Exercise directions
Every line in the data below that has the word "definition" should be returned.

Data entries
····················
text \<open>Halving the even elements of a basis gives a basis: even integers are
  represented without the unique odd element, i.e.\ by even elements only.\<close>
lemma basis_halve: assumes basis: "is_basis_Z B" shows "is_basis_Z {c. 2 * c \<in> B}"
  unfolding is_basis_Z_def
proof
  fix x :: int
  obtain a where a: "a \<in> B" "odd a" using basis_has_odd[OF basis] by blast
  have even_others: "even c" if "c \<in> B" "c \<noteq> a" for c
    using basis_odd_unique[OF basis a(1) that(1) a(2)] that(2) by auto
  obtain T where T: "finite T" "T \<subseteq> B" "\<Sum>T = 2 * x" using basis_unique_rep[OF basis, of "2 * x"] by blast
  have "a \<notin> T"
  proof
    assume "a \<in> T"
    then have "\<Sum>T = a + \<Sum>(T - {a})" using T(1) by (simp add: sum.remove)
    moreover have "even (\<Sum>(T - {a}))" using T(2) even_others by (intro dvd_sum) auto
    ultimately have "odd (\<Sum>T)" using a(2) by simp
    then show False using T(3) by simp
  qed
  define double :: "int \<Rightarrow> int" where "double c = 2 * c" for c
  have inj: "inj double" by (simp add: double_def inj_def)
  have sum_double: "\<Sum>(double ` S) = 2 * \<Sum>S" for S
    by (simp add: sum.reindex[OF inj_on_subset[OF inj subset_UNIV]]) (simp add: double_def sum_distrib_left)
  define S where "S = {c. 2 * c \<in> T}"
  have TS: "T = double ` S"
  proof
    show "T \<subseteq> double ` S"
    proof
      fix t assume "t \<in> T"
      then have "even t" using T(2) \<open>a \<notin> T\<close> even_others by blast
      then obtain c where "t = 2 * c" by (rule evenE)
      with \<open>t \<in> T\<close> show "t \<in> double ` S" unfolding S_def double_def by blast
    qed
  qed (auto simp: S_def double_def)
  show "\<exists>!S. finite S \<and> S \<subseteq> {c. 2 * c \<in> B} \<and> \<Sum>S = x"
  proof (rule ex1I[of _ S])
    have "finite S" using T(1) TS inj by (metis finite_imageD inj_on_subset subset_UNIV)
    moreover have "\<Sum>S = x" using T(3) TS sum_double by simp
    ultimately show "finite S \<and> S \<subseteq> {c. 2 * c \<in> B} \<and> \<Sum>S = x"
      using T(2) unfolding S_def by auto
  next
    fix S' assume S': "finite S' \<and> S' \<subseteq> {c. 2 * c \<in> B} \<and> \<Sum>S' = x"
    then have "finite (double ` S')" "double ` S' \<subseteq> B" "\<Sum>(double ` S') = \<Sum>T"
      using T(3) sum_double[of S'] by (auto simp: double_def)
    then have "double ` S' = T" using basis_rep_eq[OF basis _ _ T(1,2)] by blast
    then show "S' = S" using TS inj by (simp add: inj_image_eq_iff)
  qed
qed

section \<open>The 2-adic layers of a basis\<close>

lemma exact_power_double:
  fixes c :: int
  shows "(2 ^ Suc j dvd 2 * c \<and> \<not> 2 ^ (Suc j + 1) dvd 2 * c) \<longleftrightarrow> (2 ^ j dvd c \<and> \<not> 2 ^ (j + 1) dvd c)"
proof -
  have cancel: "2 ^ Suc k dvd 2 * c \<longleftrightarrow> 2 ^ k dvd c" for k by simp
  show ?thesis using cancel[of j] cancel[of "Suc j"] by (simp only: Suc_eq_plus1)
qed

text \<open>A basis contains exactly one element of exact 2-adic valuation j, for every j:
  for j = 0 this is the unique odd element, and the elements of valuation j + 1 are
  the doubles of the elements of valuation j of the halved basis.\<close>
lemma basis_layer_unique:
  "is_basis_Z B \<Longrightarrow> \<exists>!b. b \<in> B \<and> 2 ^ j dvd b \<and> \<not> 2 ^ (j + 1) dvd b"
proof (induction j arbitrary: B)
  case 0
  from basis_has_odd[OF "0"] obtain a where a: "a \<in> B" "odd a" by blast
  show ?case
  proof (rule ex1I[of _ a])
    show "a \<in> B \<and> 2 ^ 0 dvd a \<and> \<not> 2 ^ (0 + 1) dvd a" using a by simp
  next
    fix b assume "b \<in> B \<and> 2 ^ 0 dvd b \<and> \<not> 2 ^ (0 + 1) dvd b"
    then show "b = a" using basis_odd_unique[OF "0" _ a(1) _ a(2), of b] by simp
  qed
next
  case (Suc j)
  obtain c where c: "c \<in> {c. 2 * c \<in> B} \<and> 2 ^ j dvd c \<and> \<not> 2 ^ (j + 1) dvd c"
    and c_unique: "\<forall>c'. c' \<in> {c. 2 * c \<in> B} \<and> 2 ^ j dvd c' \<and> \<not> 2 ^ (j + 1) dvd c' \<longrightarrow> c' = c"
    using Suc.IH[OF basis_halve[OF Suc.prems]] by (rule ex1E)
  show ?case
  proof (rule ex1I[of _ "2 * c"])
    show "2 * c \<in> B \<and> 2 ^ Suc j dvd 2 * c \<and> \<not> 2 ^ (Suc j + 1) dvd 2 * c"
      using c exact_power_double[of j c] by blast
  next
    fix b assume b: "b \<in> B \<and> 2 ^ Suc j dvd b \<and> \<not> 2 ^ (Suc j + 1) dvd b"
    then have "2 ^ Suc j dvd b" by blast
    then have "even b" by (simp add: dvd_mult_left)
    then obtain c' where c': "b = 2 * c'" by (rule evenE)
    with b have "c' \<in> {c. 2 * c \<in> B} \<and> 2 ^ j dvd c' \<and> \<not> 2 ^ (j + 1) dvd c'"
      using exact_power_double[of j c'] by blast
    with c_unique c' show "b = 2 * c" by blast
  qed
qed

lemma exact_power_of_two_divisor:
  "(x::int) \<noteq> 0 \<Longrightarrow> \<exists>j. 2 ^ j dvd x \<and> \<not> 2 ^ (j + 1) dvd x"
  by (intro exI[of _ "multiplicity 2 x"])
     (simp add: multiplicity_dvd power_dvd_iff_le_multiplicity del: power_Suc)

lemma layer_decomposition:
  fixes B :: "int set"
  assumes unique: "\<forall>j. \<exists>!b. b \<in> B \<and> 2 ^ j dvd b \<and> \<not> 2 ^ (j + 1) dvd b"
    and covered: "\<forall>b\<in>B. \<exists>j. 2 ^ j dvd b \<and> \<not> 2 ^ (j + 1) dvd b"
  shows "\<exists>d :: nat \<Rightarrow> int. (\<forall>i. odd (d i)) \<and> B = range (\<lambda>i. 2 ^ i * d i)"
proof -
  define e where "e i = (THE b. b \<in> B \<and> 2 ^ i dvd b \<and> \<not> 2 ^ (i + 1) dvd b)" for i :: nat
  have e: "e i \<in> B \<and> 2 ^ i dvd e i \<and> \<not> 2 ^ (i + 1) dvd e i" for i
    unfolding e_def using unique by (metis (no_types, lifting) theI')
  define d where "d i = e i div 2 ^ i" for i
  have e_d: "e i = 2 ^ i * d i" for i using e[of i] unfolding d_def by simp
  have "odd (d i)" for i
  proof
    assume "even (d i)"
    then have "2 ^ (i + 1) dvd e i" unfolding e_d by (auto elim!: evenE)
    then show False using e by blast
  qed
  moreover have "B = range e"
  proof
    show "B \<subseteq> range e"
    proof
      fix b assume "b \<in> B"
      then obtain j where "2 ^ j dvd b" "\<not> 2 ^ (j + 1) dvd b" using covered by blast
      then have "e j = b" unfolding e_def by (intro the1_equality) (use unique \<open>b \<in> B\<close> in auto)
      then show "b \<in> range e" by blast
    qed
  qed (use e in auto)
  ultimately show ?thesis using e_d by (intro exI[of _ d]) auto
qed
text \<open>The discrete Laplacian of \<open>x (N - x)\<close> is \<open>-2\<close>, and \<open>x (N - x) \<le> N\<^sup>2 / 4\<close>.\<close>

lemma parabola_supersolution:
  assumes "1 \<le> x" "x \<le> N-1"
  shows "(N - 2) * (real x * (real N - real x)) + real (x+1) * (real N - real (x+1))
      + real (x-1) * (real N - real (x-1)) \<le> N * (decay * (real x * (real N - real x)))"
proof -
  let ?h = "real x * (real N - real x)"
  have "real (x-1) = real x - 1" "real (N-2) = real N - 2"
    using assms N_ge_2 by (simp_all add: of_nat_diff)
  then have "(N - 2) * ?h + real (x+1) * (real N - real (x+1)) + real (x-1) * (real N - real (x-1))
      = N * ?h - 2"
    by (simp add: algebra_simps)
  moreover have "8 / real N ^ 3 * (N * ?h) \<le> 2"
  proof -
    have "8 / real N ^ 3 * (N * ?h) = 2 * (4 * ?h / real N ^ 2)"
      using N_ge_2 by (simp add: power2_eq_square power3_eq_cube)
    moreover have "4 * ?h / real N ^ 2 \<le> 1"
      using parabola_le_square[of x N] N_ge_2 by simp
    ultimately show ?thesis by simp
  qed
  moreover have "N * (decay * ?h) = N * ?h - 8 / real N ^ 3 * (N * ?h)"
    unfolding decay_def by (simp add: left_diff_distrib right_diff_distrib mult.left_commute)
  ultimately show ?thesis by linarith
qed

lemma occ_gap_le_parabola:
  assumes "\<eta> \<in> Omega N" "x \<le> N"
  shows "occ_gap k x \<eta> \<le> decay ^ k * (real x * (real N - real x))"
  using assms(2)
proof (induction k arbitrary: x)
  case 0
  show ?case
  proof (cases "x \<in> {1..N-1}")
    case True
    then have "1 \<le> real x" "1 \<le> real N - real x" using 0 by auto
    then have "1 \<le> real x * (real N - real x)"
      by (metis mult_mono' mult_1 order_trans zero_le_one)
    moreover have "occ_gap 0 x \<eta> \<le> 1" by (simp add: occ_gap_def occ_def)
    ultimately show ?thesis by simp
  qed (use 0 in \<open>simp add: occ_gap_boundary[OF assms(1)]\<close>)
next
  case (Suc k)
  let ?h = "\<lambda>y. real y * (real N - real y)"
  show ?case
  proof (cases "x \<in> {1..N-1}")
    case True
    then have x: "1 \<le> x" "x \<le> N-1" by auto
    have "(N - 2) * occ_gap k x \<eta> + occ_gap k (x+1) \<eta> + occ_gap k (x-1) \<eta>
        \<le> (N - 2) * (decay^k * ?h x) + decay^k * ?h (x+1) + decay^k * ?h (x-1)"
      using Suc.IH[of x] Suc.IH[of "x+1"] Suc.IH[of "x-1"] x N_ge_2
      by (intro add_mono mult_left_mono) auto
    also have "\<dots> = decay^k * ((N - 2) * ?h x + ?h (x+1) + ?h (x-1))"
      by (simp add: algebra_simps)
    also have "\<dots> \<le> decay^k * (N * (decay * ?h x))"
      using parabola_supersolution[OF x] decay_nonneg by (intro mult_left_mono) auto
    finally show ?thesis
      unfolding occ_gap_Suc[OF assms(1) x] using N_ge_2 by (simp add: field_simps)
  qed (use Suc.prems decay_nonneg in \<open>simp add: occ_gap_boundary[OF assms(1)]\<close>)
qed

section \<open>Coupling bound on the total variation distance\<close>

lemma coupling_iter_fst: "(coupling.avg ^^ k) (\<lambda>p. g (fst p)) p = (step.avg ^^ k) g (fst p)"
  by (induction k arbitrary: p) (simp_all add: coupling.avg_def step.avg_def)

lemma coupling_iter_snd: "(coupling.avg ^^ k) (\<lambda>p. g (snd p)) p = (step.avg ^^ k) g (snd p)"
  by (induction k arbitrary: p) (simp_all add: coupling.avg_def step.avg_def)

lemma coupling_iter_marginal_diff:
  "(coupling.avg ^^ k) (\<lambda>p. g (snd p) - g (fst p)) (\<eta>, \<zeta>) = (step.avg ^^ k) g \<zeta> - (step.avg ^^ k) g \<eta>"
  using coupling.iter_diff[of k "\<lambda>p. g (snd p)" "\<lambda>p. g (fst p)"]
  by (simp add: coupling_iter_fst coupling_iter_snd)

lemma indicator_l1_le_discrepancies:
  assumes "\<eta> \<subseteq> \<zeta>" "\<zeta> \<in> Omega N"
  shows "(\<Sum>\<xi>\<in>Omega N. \<bar>(if \<zeta> = \<xi> then 1 else 0) - (if \<eta> = \<xi> then 1 else 0)\<bar>)
     \<le> 2 * (\<Sum>x\<in>{1..N-1}. occ \<zeta> x - occ \<eta> x)"
proof (cases "\<eta> = \<zeta>")
  case False
  have \<eta>: "\<eta> \<in> Omega N" using assms by (auto simp: Omega_def)
  have "(\<Sum>\<xi>\<in>Omega N. \<bar>(if \<zeta> = \<xi> then 1 else 0) - (if \<eta> = \<xi> then 1 else (0::real))\<bar>)
      \<le> (\<Sum>\<xi>\<in>Omega N. (if \<zeta> = \<xi> then 1 else 0) + (if \<eta> = \<xi> then 1 else 0))"
    by (intro sum_mono) auto
  also have "\<dots> = 2" using \<eta> assms(2) by (simp add: sum.distrib Omega_def)
  finally have "(\<Sum>\<xi>\<in>Omega N. \<bar>(if \<zeta> = \<xi> then 1 else 0) - (if \<eta> = \<xi> then 1 else (0::real))\<bar>) \<le> 2" .
  moreover obtain y where y: "y \<in> \<zeta>" "y \<notin> \<eta>" using False assms(1) by blast
  then have "occ \<zeta> y - occ \<eta> y \<le> (\<Sum>x\<in>{1..N-1}. occ \<zeta> x - occ \<eta> x)"
    using assms by (intro member_le_sum) (auto simp: occ_def Omega_def)
  then have "1 \<le> (\<Sum>x\<in>{1..N-1}. occ \<zeta> x - occ \<eta> x)"
    using y by (simp add: occ_def)
  ultimately show ?thesis by linarith
qed simp

lemma discrete_prob_l1_le_occ_gaps:
  assumes "\<eta> \<in> Omega N"
  shows "(\<Sum>\<xi>\<in>Omega N. \<bar>discrete_prob k {1..N-1} \<xi> - discrete_prob k \<eta> \<xi>\<bar>)
    \<le> 2 * (\<Sum>x\<in>{1..N-1}. occ_gap k x \<eta>)"
proof -
  let ?ind = "\<lambda>\<xi> \<theta>. if \<theta> = \<xi> then 1 else 0 :: real"
  have start: "(\<eta>, {1..N-1}) \<in> {(\<eta>, \<zeta>). \<eta> \<subseteq> \<zeta> \<and> \<zeta> \<in> Omega N}"
    using assms by (auto simp: Omega_def)
  have diff_as_coupling: "discrete_prob k {1..N-1} \<xi> - discrete_prob k \<eta> \<xi>
      = (coupling.avg ^^ k) (\<lambda>p. ?ind \<xi> (snd p) - ?ind \<xi> (fst p)) (\<eta>, {1..N-1})" for \<xi>
    by (simp only: coupling_iter_marginal_diff[of k "?ind \<xi>"] discrete_prob_def)
  have "(\<Sum>\<xi>\<in>Omega N. \<bar>discrete_prob k {1..N-1} \<xi> - discrete_prob k \<eta> \<xi>\<bar>)
      \<le> (\<Sum>\<xi>\<in>Omega N. (coupling.avg ^^ k) (\<lambda>p. \<bar>?ind \<xi> (snd p) - ?ind \<xi> (fst p)\<bar>) (\<eta>, {1..N-1}))"
    unfolding diff_as_coupling by (intro sum_mono coupling.iter_abs_le[OF start])
  also have "\<dots> = (coupling.avg ^^ k)
      (\<lambda>p. \<Sum>\<xi>\<in>Omega N. \<bar>?ind \<xi> (snd p) - ?ind \<xi> (fst p)\<bar>) (\<eta>, {1..N-1})"
    by (rule coupling.iter_sum[symmetric])
  also have "\<dots> \<le> (coupling.avg ^^ k)
      (\<lambda>p. 2 * (\<Sum>x\<in>{1..N-1}. occ (snd p) x - occ (fst p) x)) (\<eta>, {1..N-1})"
  proof (rule coupling.iter_mono[OF start])
    fix p assume "p \<in> {(\<eta>, \<zeta>). \<eta> \<subseteq> \<zeta> \<and> \<zeta> \<in> Omega N}"
    then have "fst p \<subseteq> snd p" "snd p \<in> Omega N" by auto
    from indicator_l1_le_discrepancies[OF this]
    show "(\<Sum>\<xi>\<in>Omega N. \<bar>?ind \<xi> (snd p) - ?ind \<xi> (fst p)\<bar>)
        \<le> 2 * (\<Sum>x\<in>{1..N-1}. occ (snd p) x - occ (fst p) x)" .
  qed
  also have "\<dots> = 2 * (\<Sum>x\<in>{1..N-1}. occ_gap k x \<eta>)"
    by (simp add: coupling.iter_scale coupling.iter_sum occ_gap_def
        coupling_iter_marginal_diff[of k "\<lambda>\<theta>. occ \<theta> _", simplified])
  finally show ?thesis .
qed
locale radial_profile = Fint_profile g g1 g2
  for g g1 g2 :: "real \<Rightarrow> real" +
  fixes g3 x x1 x2 :: "real \<Rightarrow> real" and t0 :: real
  assumes has_deriv_g2: "\<And>u. u \<ge> 0 \<Longrightarrow> (g2 has_real_derivative g3 u) (at u within {0..})"
    and g2_le_sq_g1: "\<And>u. u \<ge> 0 \<Longrightarrow> g2 u \<le> (g1 u)\<^sup>2"
    and g1_g3_le: "\<And>u. u \<ge> 0 \<Longrightarrow> g1 u * g3 u \<le> 2 * (g2 u)\<^sup>2"
    and has_deriv_x: "\<And>t. t \<ge> t0 \<Longrightarrow> (x has_real_derivative x1 t) (at t within {t0..})"
    and has_deriv_x1: "\<And>t. t \<ge> t0 \<Longrightarrow> (x1 has_real_derivative x2 t) (at t within {t0..})"
    and x_eq: "\<And>t. t \<ge> t0 \<Longrightarrow> 4 * (exp (x t) - 1) = hfun g g1 (x t + 2 * t + ln 16)"
    and x_dom: "\<And>t. t \<ge> t0 \<Longrightarrow> x t + 2 * t + ln 16 \<ge> - ln (Fint g 0)"
begin

abbreviation R :: real where "R \<equiv> exp (- t0)"

abbreviation v :: "real \<Rightarrow> real" where "v \<equiv> vfun g x"

text \<open>In the notation of the paper, with \<open>t = -ln r\<close>: \<open>Fv r = F(v(r))\<close>, \<open>P = f(v) F(v)\<close>,
  \<open>Y = 2 + x'(t)\<close>, and \<open>v1\<close>, \<open>v2\<close> are \<open>v'\<close>, \<open>v''\<close>.\<close>

definition Fv :: "real \<Rightarrow> real" where
  "Fv r = r\<^sup>2 / 16 * exp (- x (- ln r))"

definition P :: "real \<Rightarrow> real" where
  "P r = exp (g (v r)) * Fv r"

definition Y :: "real \<Rightarrow> real" where
  "Y r = 2 + x1 (- ln r)"

definition v1 :: "real \<Rightarrow> real" where
  "v1 r = - (P r * Y r) / r"
theorem corollary4p6:
  fixes \<rho> rc :: "real \<Rightarrow> real" and L c z2 \<alpha> \<beta> :: real
  assumes L_pos: "L > 0"
    and \<rho>_cont: "continuous_on {0..L} \<rho>"
    and \<rho>_nonneg: "\<forall>x\<in>{0..L}. \<rho> x \<ge> 0"
    and \<rho>_0: "\<rho> 0 = 0"
    and \<rho>_pos: "\<forall>x\<in>{0<..L}. \<rho> x > 0"
    and V00_fin: "(\<lambda>\<zeta>. \<rho> \<zeta> / \<zeta>) integrable_on {0..L}"
    and c_gt: "c > potential \<rho> L 0 0"
    and z2_gt: "z2 > L"
    and rc_cont: "continuous_on {0..z2} rc"
    and rc_nonneg: "\<forall>z\<in>{0..z2}. rc z \<ge> 0"
    and rc_ends: "rc 0 = 0" "rc z2 = 0"
    and rc_pos: "\<forall>z\<in>{0<..<z2}. rc z > 0"
    and rc_level: "{(r, z). r \<ge> 0 \<and> (r > 0 \<or> z \<notin> {0..L}) \<and> potential \<rho> L r z = c} \<union> {(0, 0)}
                   = (\<lambda>z. (rc z, z)) ` {0..z2}"
    and \<alpha>_pos: "0 < \<alpha>"
    and \<alpha>_lt: "\<alpha> < (c - potential \<rho> L 0 0) / 2"
    and \<beta>_gt: "(c - potential \<rho> L 0 0) / 2 < \<beta>"
  shows "(\<forall>b. 0 < b \<and> b \<le> L \<and> mono_on {0..b} \<rho> \<longrightarrow>
            (\<forall>\<delta>. 0 < \<delta> \<and> \<delta> < 1 \<longrightarrow>
               (\<exists>z0\<in>{0<..L}. \<forall>z\<in>{0<..z0}.
                  exp (- \<beta> / \<rho> ((1 - \<delta>) * z)) < rc z \<and>
                  rc z < exp (- \<alpha> / \<rho> ((1 + \<delta>) * z)))))
       \<and> (\<forall>b. 0 < b \<and> b \<le> L \<and> dini_continuous_on 0 b \<rho> \<longrightarrow>
            (\<exists>z0\<in>{0<..L}. \<forall>z\<in>{0<..z0}.
               exp (- \<beta> / \<rho> z) < rc z \<and> rc z < exp (- \<alpha> / \<rho> z)))"
proof -
  interpret line_density \<rho> L
    using L_pos \<rho>_cont \<rho>_nonneg V00_fin by unfold_locales auto
  have rc: "filterlim rc (at_right 0) (at_right 0)"
    using rc_cont rc_ends z2_gt L_pos rc_pos by (intro filterlim_at_right_0_of_continuous) auto
  have level: "\<forall>\<^sub>F z in at_right 0. potential \<rho> L (rc z) z = c"
    using z2_gt L_pos by (intro eventually_level_of_contour[OF rc_level]) linarith
  note contour_bounds = eventually_at_right_0_imp_Ioc[OF
      eventually_contour_bounds[where V = "potential \<rho> L" and v = V00, OF rc level] L_pos]
  show ?thesis
  proof (intro conjI allI impI)
    fix b \<delta> :: real
    assume "0 < b \<and> b \<le> L \<and> mono_on {0..b} \<rho>" "0 < \<delta> \<and> \<delta> < 1"
    moreover have "\<forall>\<^sub>F z in at_right 0. 0 < \<rho> ((1 + \<delta>) * z) \<and> 0 < \<rho> ((1 - \<delta>) * z)"
      using \<open>0 < \<delta> \<and> \<delta> < 1\<close>
      by (intro eventually_conj eventually_pos_comp_mult[OF \<rho>_pos L_pos]) auto
    ultimately show "\<exists>z0\<in>{0<..L}. \<forall>z\<in>{0<..z0}.
        exp (- \<beta> / \<rho> ((1 - \<delta>) * z)) < rc z \<and> rc z < exp (- \<alpha> / \<rho> ((1 + \<delta>) * z))"
      using \<rho>_0 \<alpha>_lt \<beta>_gt
      by (intro contour_bounds potential_upper_mono[where b = b] potential_lower_mono[where b = b]) auto
  next
    fix b :: real
    assume "0 < b \<and> b \<le> L \<and> dini_continuous_on 0 b \<rho>"
    moreover have "\<forall>\<^sub>F z in at_right 0. 0 < \<rho> z \<and> 0 < \<rho> z"
      using eventually_pos_comp_mult[OF \<rho>_pos L_pos zero_less_one] by simp
    ultimately show "\<exists>z0\<in>{0<..L}. \<forall>z\<in>{0<..z0}. exp (- \<beta> / \<rho> z) < rc z \<and> rc z < exp (- \<alpha> / \<rho> z)"
      using \<rho>_0 \<alpha>_lt \<beta>_gt
      by (intro contour_bounds potential_upper_dini[where b = b] potential_lower_dini[where b = b]) auto
  qed
qed
lemma cL_strict_antimono:
  assumes "0 < l" "l < l'" "l' < \<tau>" "\<tau> \<le> 1"
  shows "cL l' \<tau> < cL l \<tau>"
proof -
  have "lik (level \<tau>) > lik (level l') \<and> lik (level l') > lik (level l)"
    using assms by (simp add: lik_level)
  then have "c (level l) (level \<tau>) > c (level l') (level \<tau>)"
    using mono unfolding outcome_monotonic_def by blast
  then show ?thesis using assms by (simp add: cL_eq_cost_level)
qed

lemma cL_antimono:
  assumes "\<tau> \<in> {0<..1}" "0 < l" "l \<le> l'" "l' \<le> 1"
  shows "cL l' \<tau> \<le> cL l \<tau>"
proof (cases "\<tau> \<le> l'")
  case True
  then show ?thesis
    using assms cL_eq_0[of l' \<tau>] cost_nonneg cL_eq_cost_level[of l \<tau>] by auto
next
  case False
  then show ?thesis using assms cL_strict_antimono[of l l' \<tau>] by (cases "l = l'") auto
qed

lemma min_cost_eq_cL: "\<tau> \<in> {0<..1} \<Longrightarrow> min_cost lik c \<tau> = (\<lambda>x. cL (lik x) \<tau>)"
  using min_cost_eq_cost_to_level[OF mono cost_nonneg lik_level] cL lik_level by fastforce

end

locale social_gap_setting = likelihood_cost lik c cL
  for lik :: "'x \<Rightarrow> real" and c cL +
  fixes cL' :: "real \<Rightarrow> real \<Rightarrow> real" and Ma Mb :: "'x measure"
  assumes lik_range: "\<forall>x. 0 < lik x \<and> lik x \<le> 1"
    and prob_a: "prob_space Ma" and prob_b: "prob_space Mb"
    and meas_a: "lik \<in> borel_measurable Ma" and meas_b: "lik \<in> borel_measurable Mb"
    and cL_deriv: "\<forall>l\<in>{0..1}. \<forall>\<tau>\<in>{0..1}.
                     ((\<lambda>u. cL u \<tau>) has_real_derivative cL' l \<tau>) (at l within {0..1})"
    and lik_cond: "\<forall>l\<in>{0..1}. \<forall>\<tau>1\<in>{0..1}. \<forall>\<tau>2\<in>{0..1}. \<tau>1 \<le> \<tau>2 \<longrightarrow> cL' l \<tau>2 \<le> cL' l \<tau>1"
    and disadv: "\<forall>l\<in>{0<..<1}. lik_cdf Mb lik l > lik_cdf Ma lik l"
begin

lemma continuous_on_cL: "\<tau> \<in> {0..1} \<Longrightarrow> continuous_on {0..1} (\<lambda>u. cL u \<tau>)"
  using cL_deriv by (intro DERIV_continuous_on) blast

lemma integrable_cL:
  assumes "prob_space M" "lik \<in> borel_measurable M" "\<tau> \<in> {0..1}"
  shows "integrable M (\<lambda>x. cL (lik x) \<tau>)"
  using assms lik_range continuous_on_cL[OF assms(3)]
  by (intro integrable_continuous_comp_compact[OF prob_space.finite_measure _ _ compact_Icc])
    (auto simp: less_imp_le)

lemma social_gap_eq:
  "\<tau> \<in> {0<..1} \<Longrightarrow>
     social_gap Ma Mb lik c \<tau> = (\<integral>x. cL (lik x) \<tau> \<partial>Mb) - (\<integral>x. cL (lik x) \<tau> \<partial>Ma)"
  unfolding social_gap_def burden_def by (simp add: min_cost_eq_cL)

lemma integral_less_of_antimono:
  fixes \<phi> :: "real \<Rightarrow> real"
  assumes "continuous_on {0..1} \<phi>"
    and "\<And>l l'. 0 < l \<Longrightarrow> l \<le> l' \<Longrightarrow> l' \<le> 1 \<Longrightarrow> \<phi> l' \<le> \<phi> l"
    and "l0 \<in> {0<..1}" "\<phi> 1 < \<phi> l0"
  shows "(\<integral>x. \<phi> (lik x) \<partial>Ma) < (\<integral>x. \<phi> (lik x) \<partial>Mb)"
  using prob_a prob_b meas_a meas_b lik_range disadv assms by (rule integral_antimono_less_of_cdf_less)

lemma social_gap_pos: "\<tau> \<in> {0<..1} \<Longrightarrow> social_gap Ma Mb lik c \<tau> > 0"
  using integral_less_of_antimono[of "\<lambda>u. cL u \<tau>" "\<tau> / 2"]
    continuous_on_cL cL_antimono cL_eq_0[of 1 \<tau>] cL_pos[of "\<tau> / 2" \<tau>]
  by (auto simp: social_gap_eq)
····················
Answer to this task
definition Fv :: "real \<Rightarrow> real" where
definition P :: "real \<Rightarrow> real" where
definition Y :: "real \<Rightarrow> real" where
definition v1 :: "real \<Rightarrow> real" where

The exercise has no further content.